Read through the entries below and copy each line where "unfolding" turns up.

[Saved entries]
* * * * *

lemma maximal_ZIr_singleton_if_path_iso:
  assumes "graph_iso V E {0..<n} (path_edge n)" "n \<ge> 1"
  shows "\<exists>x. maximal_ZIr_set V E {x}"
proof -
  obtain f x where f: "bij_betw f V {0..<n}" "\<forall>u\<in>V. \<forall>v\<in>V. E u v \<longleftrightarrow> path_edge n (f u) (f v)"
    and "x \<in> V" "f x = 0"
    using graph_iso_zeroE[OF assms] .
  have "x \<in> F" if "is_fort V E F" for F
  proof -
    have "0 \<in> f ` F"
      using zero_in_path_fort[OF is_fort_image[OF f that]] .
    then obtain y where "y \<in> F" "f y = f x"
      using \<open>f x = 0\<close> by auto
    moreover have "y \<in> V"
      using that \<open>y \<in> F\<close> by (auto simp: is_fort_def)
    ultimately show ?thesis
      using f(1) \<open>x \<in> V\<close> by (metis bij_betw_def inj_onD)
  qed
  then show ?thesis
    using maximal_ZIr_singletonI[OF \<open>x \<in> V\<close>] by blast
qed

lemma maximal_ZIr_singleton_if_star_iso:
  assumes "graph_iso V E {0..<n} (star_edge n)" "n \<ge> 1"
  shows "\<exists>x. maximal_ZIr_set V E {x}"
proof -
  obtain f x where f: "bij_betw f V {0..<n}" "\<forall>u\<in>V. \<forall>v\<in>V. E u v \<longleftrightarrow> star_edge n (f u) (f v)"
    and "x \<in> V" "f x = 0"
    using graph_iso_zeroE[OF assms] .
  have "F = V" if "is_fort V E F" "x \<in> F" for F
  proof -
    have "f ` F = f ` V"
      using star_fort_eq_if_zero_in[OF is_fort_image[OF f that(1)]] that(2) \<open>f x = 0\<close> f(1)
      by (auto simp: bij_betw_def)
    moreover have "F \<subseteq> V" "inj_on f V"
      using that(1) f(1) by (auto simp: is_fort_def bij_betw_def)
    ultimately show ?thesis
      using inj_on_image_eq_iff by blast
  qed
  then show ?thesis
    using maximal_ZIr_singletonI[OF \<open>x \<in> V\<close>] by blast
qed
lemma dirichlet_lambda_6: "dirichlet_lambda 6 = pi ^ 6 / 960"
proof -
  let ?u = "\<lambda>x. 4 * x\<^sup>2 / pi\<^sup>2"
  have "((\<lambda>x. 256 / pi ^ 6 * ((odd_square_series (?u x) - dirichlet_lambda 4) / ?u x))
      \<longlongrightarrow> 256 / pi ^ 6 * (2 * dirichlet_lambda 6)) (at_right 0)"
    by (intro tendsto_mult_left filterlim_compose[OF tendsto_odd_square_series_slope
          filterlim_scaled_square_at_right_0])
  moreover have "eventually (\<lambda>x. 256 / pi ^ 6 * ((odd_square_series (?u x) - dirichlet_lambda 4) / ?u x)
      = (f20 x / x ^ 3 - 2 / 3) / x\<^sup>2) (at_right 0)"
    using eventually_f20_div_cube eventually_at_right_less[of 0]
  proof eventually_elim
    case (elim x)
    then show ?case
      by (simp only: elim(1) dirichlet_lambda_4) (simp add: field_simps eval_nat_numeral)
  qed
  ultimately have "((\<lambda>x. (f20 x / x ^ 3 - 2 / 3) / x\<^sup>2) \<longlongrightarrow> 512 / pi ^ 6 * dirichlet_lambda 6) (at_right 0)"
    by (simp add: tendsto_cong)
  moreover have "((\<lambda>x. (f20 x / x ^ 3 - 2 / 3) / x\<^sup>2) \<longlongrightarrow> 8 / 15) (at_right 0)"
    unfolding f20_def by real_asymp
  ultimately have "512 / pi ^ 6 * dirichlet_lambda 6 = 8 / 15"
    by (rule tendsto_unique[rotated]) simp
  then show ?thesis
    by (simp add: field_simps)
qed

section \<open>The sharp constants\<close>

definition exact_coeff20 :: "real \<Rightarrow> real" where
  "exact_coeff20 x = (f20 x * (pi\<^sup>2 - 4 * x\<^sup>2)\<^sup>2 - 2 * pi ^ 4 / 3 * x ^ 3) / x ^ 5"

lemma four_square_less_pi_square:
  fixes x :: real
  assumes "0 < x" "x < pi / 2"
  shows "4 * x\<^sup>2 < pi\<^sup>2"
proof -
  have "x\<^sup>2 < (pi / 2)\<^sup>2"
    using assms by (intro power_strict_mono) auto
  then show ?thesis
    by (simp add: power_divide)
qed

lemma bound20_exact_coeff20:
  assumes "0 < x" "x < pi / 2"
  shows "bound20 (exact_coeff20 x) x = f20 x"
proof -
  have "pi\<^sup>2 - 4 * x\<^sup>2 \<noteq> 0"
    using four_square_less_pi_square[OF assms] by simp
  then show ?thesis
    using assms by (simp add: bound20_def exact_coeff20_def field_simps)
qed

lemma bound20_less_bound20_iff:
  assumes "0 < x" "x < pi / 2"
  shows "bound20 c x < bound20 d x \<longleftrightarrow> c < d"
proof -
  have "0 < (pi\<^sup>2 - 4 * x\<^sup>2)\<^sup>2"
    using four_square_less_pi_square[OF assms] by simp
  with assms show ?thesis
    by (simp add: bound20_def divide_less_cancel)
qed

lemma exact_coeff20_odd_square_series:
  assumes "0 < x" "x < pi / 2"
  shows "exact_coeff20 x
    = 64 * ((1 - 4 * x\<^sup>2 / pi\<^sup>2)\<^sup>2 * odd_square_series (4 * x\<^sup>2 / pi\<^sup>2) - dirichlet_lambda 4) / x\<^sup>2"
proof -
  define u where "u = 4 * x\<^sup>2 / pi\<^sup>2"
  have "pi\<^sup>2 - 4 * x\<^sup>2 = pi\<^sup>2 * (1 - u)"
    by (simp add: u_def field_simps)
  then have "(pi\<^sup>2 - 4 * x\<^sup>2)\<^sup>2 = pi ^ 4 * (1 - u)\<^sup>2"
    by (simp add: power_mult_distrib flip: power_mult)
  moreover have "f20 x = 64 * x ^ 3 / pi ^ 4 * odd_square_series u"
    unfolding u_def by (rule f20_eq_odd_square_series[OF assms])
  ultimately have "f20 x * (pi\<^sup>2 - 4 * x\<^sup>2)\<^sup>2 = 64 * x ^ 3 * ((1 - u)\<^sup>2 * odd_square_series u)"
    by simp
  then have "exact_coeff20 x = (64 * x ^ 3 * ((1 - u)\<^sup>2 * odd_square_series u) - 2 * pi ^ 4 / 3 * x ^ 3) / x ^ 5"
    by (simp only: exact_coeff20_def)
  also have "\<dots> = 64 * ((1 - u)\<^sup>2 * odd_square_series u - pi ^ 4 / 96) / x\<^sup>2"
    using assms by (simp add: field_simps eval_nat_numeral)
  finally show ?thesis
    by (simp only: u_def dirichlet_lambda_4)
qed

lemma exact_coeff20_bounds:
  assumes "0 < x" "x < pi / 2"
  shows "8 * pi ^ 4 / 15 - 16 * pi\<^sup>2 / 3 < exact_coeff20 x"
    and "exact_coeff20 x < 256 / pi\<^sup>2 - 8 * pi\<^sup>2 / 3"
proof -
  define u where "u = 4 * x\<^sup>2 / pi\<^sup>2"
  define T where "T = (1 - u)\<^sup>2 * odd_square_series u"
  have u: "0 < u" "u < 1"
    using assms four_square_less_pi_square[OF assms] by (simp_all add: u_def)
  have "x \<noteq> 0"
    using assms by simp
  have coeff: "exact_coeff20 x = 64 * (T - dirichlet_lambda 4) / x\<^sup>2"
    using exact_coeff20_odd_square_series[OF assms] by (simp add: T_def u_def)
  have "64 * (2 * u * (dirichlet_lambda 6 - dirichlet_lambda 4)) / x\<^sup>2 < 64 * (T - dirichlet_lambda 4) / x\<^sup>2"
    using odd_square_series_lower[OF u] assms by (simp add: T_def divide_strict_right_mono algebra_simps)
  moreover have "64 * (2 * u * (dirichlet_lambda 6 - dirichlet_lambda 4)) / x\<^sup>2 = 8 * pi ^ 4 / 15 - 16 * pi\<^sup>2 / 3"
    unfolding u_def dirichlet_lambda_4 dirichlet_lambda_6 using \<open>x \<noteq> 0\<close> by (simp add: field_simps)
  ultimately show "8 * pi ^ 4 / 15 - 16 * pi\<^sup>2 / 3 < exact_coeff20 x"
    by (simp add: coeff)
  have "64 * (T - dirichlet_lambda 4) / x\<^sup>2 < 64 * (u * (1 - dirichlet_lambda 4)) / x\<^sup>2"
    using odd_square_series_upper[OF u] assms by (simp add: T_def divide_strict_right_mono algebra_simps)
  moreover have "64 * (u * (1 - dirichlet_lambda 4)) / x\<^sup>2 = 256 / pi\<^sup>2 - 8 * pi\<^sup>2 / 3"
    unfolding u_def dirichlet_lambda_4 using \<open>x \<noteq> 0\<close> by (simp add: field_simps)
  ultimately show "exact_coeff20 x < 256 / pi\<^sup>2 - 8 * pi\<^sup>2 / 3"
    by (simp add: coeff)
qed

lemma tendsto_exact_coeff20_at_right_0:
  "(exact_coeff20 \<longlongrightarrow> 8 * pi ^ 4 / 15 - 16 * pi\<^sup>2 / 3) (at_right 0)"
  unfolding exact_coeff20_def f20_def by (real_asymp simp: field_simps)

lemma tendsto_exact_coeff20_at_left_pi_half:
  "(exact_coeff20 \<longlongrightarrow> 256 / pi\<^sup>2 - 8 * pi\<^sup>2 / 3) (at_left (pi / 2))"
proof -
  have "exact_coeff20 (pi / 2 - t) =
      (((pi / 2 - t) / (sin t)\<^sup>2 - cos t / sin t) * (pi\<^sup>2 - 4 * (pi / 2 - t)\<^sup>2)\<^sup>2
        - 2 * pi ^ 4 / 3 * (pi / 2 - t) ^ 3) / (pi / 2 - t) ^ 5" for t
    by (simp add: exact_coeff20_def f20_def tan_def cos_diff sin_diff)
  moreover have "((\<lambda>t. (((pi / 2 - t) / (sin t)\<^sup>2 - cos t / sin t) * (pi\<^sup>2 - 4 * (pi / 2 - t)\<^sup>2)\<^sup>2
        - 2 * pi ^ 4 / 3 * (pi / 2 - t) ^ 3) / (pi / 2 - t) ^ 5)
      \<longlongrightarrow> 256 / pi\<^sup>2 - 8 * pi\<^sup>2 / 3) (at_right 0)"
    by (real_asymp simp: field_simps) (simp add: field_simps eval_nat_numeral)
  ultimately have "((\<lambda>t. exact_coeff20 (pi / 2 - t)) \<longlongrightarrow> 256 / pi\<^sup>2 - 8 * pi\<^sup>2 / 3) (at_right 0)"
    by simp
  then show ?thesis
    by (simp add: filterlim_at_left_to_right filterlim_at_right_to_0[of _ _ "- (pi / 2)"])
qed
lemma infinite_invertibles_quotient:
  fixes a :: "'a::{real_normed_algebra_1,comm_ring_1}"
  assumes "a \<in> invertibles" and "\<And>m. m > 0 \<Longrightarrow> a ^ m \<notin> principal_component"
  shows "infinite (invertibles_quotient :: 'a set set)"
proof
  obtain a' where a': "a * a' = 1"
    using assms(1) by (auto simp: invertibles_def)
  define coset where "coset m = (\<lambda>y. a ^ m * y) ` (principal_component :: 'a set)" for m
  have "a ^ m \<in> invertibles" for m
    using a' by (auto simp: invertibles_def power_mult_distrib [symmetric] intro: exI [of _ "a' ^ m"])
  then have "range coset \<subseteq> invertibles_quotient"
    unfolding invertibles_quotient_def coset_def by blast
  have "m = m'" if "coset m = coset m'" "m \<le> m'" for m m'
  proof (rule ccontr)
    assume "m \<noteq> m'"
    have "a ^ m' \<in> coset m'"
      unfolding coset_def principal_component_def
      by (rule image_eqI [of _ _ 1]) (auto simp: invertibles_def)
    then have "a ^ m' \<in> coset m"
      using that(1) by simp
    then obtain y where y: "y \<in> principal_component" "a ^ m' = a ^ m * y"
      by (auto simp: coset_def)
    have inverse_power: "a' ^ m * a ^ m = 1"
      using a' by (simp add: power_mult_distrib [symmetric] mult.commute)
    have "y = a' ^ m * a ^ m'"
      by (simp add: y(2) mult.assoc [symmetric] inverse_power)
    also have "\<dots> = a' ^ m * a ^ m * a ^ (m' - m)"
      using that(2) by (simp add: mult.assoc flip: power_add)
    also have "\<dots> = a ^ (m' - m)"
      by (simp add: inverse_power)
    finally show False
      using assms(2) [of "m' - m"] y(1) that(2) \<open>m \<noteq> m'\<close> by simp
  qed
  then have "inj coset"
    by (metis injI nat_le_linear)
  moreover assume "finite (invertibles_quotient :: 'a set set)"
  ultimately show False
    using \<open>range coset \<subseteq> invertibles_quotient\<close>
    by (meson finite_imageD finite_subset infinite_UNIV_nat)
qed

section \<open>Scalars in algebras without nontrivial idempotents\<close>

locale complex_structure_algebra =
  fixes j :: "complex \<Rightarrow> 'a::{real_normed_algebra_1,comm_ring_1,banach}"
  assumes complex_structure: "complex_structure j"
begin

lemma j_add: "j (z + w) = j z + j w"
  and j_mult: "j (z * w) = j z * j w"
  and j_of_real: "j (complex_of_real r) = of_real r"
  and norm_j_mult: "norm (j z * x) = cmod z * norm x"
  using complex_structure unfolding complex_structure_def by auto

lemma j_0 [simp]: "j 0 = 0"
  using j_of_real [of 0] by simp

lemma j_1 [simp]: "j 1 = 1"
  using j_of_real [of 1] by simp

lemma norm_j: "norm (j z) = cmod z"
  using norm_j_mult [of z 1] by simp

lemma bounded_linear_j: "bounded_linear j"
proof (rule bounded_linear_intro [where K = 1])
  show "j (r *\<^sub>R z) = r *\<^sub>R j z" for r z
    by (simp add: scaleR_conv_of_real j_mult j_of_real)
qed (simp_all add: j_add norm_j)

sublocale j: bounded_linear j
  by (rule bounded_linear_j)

* * * * *

**Written solution**
    unfolding f20_def by real_asymp
    unfolding u_def by (rule f20_eq_odd_square_series[OF assms])
    unfolding u_def dirichlet_lambda_4 dirichlet_lambda_6 using \<open>x \<noteq> 0\<close> by (simp add: field_simps)
    unfolding u_def dirichlet_lambda_4 using \<open>x \<noteq> 0\<close> by (simp add: field_simps)
  unfolding exact_coeff20_def f20_def by (real_asymp simp: field_simps)
    unfolding invertibles_quotient_def coset_def by blast
      unfolding coset_def principal_component_def
  using complex_structure unfolding complex_structure_def by auto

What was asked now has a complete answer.